**INSTRUCTIONS TO FOLLOW**
Scan the entries below and return each line that contains "UNIV".

··· SUPPLIED RECORDS ···

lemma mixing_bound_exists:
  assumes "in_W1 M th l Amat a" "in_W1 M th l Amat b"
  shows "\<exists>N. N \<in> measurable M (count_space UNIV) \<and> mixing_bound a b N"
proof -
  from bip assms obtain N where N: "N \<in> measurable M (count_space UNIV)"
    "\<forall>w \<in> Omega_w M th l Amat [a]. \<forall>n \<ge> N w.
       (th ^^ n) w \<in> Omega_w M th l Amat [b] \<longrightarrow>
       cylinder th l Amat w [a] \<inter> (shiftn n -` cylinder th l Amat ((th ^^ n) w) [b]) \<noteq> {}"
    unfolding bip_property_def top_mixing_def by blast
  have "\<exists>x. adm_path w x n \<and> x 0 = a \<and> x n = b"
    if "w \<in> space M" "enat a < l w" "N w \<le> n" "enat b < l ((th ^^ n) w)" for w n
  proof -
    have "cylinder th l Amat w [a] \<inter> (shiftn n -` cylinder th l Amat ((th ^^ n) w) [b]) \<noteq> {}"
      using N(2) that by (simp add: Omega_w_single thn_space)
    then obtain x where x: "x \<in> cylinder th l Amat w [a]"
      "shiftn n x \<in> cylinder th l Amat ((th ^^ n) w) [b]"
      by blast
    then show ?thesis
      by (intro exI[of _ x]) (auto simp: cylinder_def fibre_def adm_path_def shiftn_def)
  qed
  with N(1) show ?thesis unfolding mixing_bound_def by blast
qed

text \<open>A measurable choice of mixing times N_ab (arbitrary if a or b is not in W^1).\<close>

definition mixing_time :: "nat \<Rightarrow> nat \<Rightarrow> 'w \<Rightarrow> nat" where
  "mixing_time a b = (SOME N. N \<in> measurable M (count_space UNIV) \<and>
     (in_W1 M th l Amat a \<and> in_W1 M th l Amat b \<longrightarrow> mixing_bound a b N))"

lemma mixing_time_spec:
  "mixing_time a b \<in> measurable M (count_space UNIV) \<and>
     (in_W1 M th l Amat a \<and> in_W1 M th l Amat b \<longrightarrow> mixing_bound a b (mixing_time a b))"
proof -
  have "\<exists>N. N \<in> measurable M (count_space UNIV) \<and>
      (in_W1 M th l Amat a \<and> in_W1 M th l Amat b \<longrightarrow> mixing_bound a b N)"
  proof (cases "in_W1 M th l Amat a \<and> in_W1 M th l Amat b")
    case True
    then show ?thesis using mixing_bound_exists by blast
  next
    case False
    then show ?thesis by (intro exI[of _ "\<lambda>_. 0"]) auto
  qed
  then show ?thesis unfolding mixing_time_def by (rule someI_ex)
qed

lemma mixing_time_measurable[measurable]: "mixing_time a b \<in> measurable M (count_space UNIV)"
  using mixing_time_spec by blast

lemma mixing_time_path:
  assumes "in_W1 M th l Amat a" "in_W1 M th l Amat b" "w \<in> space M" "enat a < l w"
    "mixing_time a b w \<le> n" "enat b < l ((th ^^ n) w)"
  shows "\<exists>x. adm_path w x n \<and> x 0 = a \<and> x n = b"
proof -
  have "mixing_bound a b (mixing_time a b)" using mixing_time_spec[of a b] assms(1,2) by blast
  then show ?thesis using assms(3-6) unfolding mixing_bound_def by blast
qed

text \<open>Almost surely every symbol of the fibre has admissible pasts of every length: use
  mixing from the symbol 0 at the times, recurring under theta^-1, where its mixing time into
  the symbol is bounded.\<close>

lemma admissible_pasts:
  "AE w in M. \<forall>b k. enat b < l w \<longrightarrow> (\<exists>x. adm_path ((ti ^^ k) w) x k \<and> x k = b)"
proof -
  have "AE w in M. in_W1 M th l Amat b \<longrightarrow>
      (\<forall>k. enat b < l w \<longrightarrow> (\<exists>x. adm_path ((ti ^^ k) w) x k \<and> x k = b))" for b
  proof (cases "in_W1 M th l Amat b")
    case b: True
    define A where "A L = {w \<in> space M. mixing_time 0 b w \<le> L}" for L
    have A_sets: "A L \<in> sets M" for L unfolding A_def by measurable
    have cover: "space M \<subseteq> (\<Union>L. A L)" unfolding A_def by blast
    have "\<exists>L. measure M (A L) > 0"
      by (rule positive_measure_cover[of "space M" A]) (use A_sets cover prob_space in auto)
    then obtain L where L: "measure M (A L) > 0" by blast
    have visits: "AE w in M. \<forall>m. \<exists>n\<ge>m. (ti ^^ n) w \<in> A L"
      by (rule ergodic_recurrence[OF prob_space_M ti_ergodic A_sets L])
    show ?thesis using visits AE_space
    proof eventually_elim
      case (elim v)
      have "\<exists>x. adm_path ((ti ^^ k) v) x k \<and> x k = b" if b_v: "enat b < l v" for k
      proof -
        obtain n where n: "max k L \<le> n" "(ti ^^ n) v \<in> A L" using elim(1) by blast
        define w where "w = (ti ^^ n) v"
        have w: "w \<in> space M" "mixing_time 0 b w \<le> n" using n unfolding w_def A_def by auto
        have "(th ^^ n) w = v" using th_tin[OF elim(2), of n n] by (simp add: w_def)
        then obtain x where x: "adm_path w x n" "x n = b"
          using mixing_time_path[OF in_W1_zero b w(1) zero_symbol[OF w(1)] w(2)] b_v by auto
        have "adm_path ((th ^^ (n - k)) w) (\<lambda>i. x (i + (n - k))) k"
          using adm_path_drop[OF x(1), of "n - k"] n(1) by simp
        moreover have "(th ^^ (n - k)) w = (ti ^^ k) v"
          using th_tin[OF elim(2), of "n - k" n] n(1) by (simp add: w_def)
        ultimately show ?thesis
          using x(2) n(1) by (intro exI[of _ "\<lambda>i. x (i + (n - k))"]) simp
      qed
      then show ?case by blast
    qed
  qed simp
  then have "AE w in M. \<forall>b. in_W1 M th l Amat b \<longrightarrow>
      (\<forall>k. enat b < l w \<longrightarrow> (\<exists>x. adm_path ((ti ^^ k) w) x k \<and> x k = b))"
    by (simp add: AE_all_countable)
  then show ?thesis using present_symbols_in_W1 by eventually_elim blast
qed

···
··· SUPPLIED RECORDS ···

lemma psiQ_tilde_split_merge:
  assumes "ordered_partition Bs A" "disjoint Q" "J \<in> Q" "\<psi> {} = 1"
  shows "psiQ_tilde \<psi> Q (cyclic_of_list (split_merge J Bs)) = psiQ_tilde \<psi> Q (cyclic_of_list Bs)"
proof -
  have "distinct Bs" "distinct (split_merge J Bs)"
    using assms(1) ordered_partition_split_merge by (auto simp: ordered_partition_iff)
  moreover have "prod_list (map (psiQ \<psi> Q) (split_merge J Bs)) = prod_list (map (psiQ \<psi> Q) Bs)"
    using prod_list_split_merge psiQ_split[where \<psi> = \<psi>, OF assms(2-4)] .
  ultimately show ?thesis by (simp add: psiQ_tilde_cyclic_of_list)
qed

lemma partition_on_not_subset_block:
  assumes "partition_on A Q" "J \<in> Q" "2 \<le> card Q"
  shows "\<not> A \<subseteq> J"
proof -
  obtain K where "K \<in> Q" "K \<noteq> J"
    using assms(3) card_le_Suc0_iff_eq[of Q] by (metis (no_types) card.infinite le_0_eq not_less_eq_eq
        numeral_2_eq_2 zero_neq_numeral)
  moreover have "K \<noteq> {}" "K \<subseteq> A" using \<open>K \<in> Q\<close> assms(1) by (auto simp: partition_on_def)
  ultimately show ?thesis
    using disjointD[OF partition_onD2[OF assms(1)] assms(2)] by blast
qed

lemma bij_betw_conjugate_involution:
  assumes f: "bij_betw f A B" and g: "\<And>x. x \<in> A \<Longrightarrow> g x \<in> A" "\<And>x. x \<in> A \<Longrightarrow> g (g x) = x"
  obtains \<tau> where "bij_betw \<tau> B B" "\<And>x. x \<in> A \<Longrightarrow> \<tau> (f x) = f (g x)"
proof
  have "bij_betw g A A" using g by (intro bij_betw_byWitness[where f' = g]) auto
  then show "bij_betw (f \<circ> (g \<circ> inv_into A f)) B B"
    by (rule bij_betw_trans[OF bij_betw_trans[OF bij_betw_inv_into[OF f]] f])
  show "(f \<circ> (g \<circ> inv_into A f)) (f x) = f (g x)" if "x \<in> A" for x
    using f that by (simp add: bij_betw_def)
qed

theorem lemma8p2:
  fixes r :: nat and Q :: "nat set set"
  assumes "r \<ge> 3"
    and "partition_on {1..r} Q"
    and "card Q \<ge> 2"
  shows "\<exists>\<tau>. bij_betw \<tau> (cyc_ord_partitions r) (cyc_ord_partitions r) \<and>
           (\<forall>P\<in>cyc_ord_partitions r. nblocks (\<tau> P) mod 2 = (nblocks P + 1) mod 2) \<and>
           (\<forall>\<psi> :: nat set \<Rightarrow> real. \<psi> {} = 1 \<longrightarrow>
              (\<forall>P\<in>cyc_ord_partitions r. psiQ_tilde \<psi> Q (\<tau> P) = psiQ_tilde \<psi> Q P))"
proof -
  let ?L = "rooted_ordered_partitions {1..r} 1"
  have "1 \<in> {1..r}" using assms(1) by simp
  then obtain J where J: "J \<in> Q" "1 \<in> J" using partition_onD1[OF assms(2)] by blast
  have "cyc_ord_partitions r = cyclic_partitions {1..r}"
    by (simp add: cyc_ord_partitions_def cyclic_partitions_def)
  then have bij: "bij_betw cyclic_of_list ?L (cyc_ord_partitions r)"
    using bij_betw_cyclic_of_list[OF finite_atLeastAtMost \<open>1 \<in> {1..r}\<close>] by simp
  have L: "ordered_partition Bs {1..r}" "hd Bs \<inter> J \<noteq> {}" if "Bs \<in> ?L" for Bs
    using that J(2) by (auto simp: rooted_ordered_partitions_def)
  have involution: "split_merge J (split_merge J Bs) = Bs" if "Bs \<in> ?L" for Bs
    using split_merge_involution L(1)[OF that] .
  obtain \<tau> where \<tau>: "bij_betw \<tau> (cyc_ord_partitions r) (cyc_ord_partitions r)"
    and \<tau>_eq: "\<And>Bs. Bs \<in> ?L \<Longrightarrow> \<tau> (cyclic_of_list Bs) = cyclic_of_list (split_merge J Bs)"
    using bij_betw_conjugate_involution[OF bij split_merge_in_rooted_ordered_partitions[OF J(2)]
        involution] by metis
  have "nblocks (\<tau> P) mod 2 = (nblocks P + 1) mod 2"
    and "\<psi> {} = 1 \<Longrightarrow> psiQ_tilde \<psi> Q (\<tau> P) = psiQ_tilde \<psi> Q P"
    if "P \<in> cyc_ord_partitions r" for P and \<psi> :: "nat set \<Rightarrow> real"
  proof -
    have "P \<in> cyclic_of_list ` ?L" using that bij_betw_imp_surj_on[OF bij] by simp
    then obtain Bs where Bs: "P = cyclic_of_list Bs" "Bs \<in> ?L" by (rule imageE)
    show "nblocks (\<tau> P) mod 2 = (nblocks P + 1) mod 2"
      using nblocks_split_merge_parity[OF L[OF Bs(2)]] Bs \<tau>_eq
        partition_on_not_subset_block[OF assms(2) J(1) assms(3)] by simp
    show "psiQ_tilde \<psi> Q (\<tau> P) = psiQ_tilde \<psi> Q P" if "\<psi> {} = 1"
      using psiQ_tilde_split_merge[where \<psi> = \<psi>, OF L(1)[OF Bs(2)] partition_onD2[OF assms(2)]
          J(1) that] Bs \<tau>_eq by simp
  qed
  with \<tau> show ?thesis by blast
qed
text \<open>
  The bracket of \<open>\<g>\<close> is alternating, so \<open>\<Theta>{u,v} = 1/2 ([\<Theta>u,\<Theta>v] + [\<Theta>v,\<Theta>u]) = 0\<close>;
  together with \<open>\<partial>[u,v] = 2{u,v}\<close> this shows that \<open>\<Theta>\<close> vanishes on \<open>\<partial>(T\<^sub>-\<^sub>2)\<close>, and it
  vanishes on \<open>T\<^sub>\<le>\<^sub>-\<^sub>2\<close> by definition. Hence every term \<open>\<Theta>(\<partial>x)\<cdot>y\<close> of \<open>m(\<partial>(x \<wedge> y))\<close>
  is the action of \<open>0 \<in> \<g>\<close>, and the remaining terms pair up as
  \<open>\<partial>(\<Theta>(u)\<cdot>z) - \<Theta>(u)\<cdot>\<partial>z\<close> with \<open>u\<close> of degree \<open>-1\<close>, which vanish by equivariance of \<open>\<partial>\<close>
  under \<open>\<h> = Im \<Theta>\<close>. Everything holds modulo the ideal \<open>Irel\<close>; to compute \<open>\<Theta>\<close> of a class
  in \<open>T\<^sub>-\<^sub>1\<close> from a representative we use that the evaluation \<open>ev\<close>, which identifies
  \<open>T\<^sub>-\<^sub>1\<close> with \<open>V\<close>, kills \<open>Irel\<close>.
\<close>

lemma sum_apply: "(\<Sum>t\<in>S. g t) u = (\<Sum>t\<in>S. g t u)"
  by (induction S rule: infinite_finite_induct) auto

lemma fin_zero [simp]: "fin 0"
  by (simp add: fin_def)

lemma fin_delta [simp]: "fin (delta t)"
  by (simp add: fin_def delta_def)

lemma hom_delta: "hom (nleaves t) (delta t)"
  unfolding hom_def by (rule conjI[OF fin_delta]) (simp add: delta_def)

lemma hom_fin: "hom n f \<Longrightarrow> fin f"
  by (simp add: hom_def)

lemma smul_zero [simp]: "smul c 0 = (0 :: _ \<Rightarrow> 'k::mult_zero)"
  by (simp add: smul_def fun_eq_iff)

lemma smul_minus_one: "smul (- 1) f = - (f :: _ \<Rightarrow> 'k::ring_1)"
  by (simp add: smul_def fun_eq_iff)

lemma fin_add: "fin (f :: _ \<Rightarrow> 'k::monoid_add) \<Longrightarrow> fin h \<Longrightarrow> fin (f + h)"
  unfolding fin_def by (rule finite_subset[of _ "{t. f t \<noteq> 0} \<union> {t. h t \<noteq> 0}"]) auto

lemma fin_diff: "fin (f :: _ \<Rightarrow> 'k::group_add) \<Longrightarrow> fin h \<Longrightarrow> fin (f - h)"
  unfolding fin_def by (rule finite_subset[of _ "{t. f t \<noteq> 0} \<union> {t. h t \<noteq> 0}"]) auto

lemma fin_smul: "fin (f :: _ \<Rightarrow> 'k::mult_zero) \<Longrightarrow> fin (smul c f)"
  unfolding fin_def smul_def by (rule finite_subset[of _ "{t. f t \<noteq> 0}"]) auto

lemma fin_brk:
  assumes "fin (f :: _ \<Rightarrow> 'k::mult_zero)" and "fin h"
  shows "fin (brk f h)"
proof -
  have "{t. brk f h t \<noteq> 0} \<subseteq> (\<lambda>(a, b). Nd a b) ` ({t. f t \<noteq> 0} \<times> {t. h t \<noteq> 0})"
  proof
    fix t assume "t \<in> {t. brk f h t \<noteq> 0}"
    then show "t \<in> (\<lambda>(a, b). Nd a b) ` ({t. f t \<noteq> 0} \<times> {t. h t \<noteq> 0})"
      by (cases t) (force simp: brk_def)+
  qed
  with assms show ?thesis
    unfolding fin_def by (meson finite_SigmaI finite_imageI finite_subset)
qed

···
··· SUPPLIED RECORDS ···

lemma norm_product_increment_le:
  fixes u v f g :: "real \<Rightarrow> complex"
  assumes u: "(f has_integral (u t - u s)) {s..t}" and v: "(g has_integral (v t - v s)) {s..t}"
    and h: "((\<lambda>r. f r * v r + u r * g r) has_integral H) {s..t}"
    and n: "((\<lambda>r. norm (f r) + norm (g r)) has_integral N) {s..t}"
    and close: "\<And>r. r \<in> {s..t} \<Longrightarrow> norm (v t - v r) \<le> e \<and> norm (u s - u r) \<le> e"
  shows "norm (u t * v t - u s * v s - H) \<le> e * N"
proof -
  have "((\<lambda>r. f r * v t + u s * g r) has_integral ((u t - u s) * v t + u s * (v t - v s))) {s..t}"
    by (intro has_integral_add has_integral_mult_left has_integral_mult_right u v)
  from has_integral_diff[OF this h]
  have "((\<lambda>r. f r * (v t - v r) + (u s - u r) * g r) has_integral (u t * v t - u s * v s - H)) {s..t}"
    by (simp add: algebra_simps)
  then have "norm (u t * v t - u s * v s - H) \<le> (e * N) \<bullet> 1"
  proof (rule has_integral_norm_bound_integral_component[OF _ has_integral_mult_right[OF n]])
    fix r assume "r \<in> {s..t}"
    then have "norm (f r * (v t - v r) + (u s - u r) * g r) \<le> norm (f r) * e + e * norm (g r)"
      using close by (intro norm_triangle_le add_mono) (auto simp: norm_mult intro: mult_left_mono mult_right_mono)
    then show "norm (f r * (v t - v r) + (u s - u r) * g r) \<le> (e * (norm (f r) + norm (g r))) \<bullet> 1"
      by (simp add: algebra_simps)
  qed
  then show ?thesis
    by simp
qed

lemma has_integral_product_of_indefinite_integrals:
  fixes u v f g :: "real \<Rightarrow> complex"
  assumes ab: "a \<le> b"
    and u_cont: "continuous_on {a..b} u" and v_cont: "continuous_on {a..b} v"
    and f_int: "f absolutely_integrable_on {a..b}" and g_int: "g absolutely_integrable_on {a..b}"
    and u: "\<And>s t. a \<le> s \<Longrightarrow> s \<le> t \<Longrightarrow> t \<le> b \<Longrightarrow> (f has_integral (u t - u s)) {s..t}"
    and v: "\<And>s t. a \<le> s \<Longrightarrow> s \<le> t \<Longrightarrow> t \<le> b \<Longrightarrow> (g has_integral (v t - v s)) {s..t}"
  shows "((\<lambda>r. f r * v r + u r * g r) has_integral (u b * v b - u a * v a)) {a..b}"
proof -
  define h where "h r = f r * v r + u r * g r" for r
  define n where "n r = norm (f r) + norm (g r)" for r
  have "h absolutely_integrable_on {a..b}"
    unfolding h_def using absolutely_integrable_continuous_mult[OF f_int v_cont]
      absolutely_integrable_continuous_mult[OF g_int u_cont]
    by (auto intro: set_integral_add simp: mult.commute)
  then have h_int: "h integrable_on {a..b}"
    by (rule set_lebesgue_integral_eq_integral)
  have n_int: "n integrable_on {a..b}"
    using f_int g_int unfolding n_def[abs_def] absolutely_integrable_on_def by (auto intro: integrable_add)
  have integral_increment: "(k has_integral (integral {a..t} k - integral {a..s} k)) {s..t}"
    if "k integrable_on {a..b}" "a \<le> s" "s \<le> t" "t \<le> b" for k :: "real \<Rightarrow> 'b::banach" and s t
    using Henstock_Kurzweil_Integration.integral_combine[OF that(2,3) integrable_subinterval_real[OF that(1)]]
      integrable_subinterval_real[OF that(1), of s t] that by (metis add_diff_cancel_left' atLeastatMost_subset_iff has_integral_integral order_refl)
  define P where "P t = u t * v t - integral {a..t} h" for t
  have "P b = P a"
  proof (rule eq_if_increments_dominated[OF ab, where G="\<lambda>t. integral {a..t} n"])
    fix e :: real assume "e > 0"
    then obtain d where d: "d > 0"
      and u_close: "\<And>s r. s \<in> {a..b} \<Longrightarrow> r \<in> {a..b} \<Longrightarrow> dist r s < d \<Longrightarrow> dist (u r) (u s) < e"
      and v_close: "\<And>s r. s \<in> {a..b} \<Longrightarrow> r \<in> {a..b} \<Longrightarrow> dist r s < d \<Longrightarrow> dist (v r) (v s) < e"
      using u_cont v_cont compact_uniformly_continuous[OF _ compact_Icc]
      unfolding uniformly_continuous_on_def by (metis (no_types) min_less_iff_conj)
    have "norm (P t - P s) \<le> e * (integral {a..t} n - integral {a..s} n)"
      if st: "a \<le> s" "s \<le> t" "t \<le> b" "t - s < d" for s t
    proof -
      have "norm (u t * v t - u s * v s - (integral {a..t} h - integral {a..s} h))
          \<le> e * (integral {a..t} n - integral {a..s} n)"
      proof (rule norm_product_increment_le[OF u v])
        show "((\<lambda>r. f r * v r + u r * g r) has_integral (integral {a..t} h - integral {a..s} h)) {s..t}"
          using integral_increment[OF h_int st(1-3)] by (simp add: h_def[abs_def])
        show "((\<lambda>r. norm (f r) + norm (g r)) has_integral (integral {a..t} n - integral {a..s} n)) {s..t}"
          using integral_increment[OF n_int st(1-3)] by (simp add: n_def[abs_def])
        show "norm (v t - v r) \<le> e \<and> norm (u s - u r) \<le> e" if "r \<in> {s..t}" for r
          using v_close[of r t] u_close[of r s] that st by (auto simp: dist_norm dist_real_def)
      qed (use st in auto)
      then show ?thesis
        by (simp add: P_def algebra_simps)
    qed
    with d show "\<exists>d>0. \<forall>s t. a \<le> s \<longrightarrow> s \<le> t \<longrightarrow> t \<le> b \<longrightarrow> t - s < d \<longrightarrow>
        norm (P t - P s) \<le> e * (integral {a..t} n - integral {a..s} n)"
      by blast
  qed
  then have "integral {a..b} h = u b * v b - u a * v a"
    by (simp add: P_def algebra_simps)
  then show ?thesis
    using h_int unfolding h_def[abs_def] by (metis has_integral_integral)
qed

···

**WRITTEN SOLUTION**
  shows "\<exists>N. N \<in> measurable M (count_space UNIV) \<and> mixing_bound a b N"
  from bip assms obtain N where N: "N \<in> measurable M (count_space UNIV)"
  "mixing_time a b = (SOME N. N \<in> measurable M (count_space UNIV) \<and>
  "mixing_time a b \<in> measurable M (count_space UNIV) \<and>
  have "\<exists>N. N \<in> measurable M (count_space UNIV) \<and>
lemma mixing_time_measurable[measurable]: "mixing_time a b \<in> measurable M (count_space UNIV)"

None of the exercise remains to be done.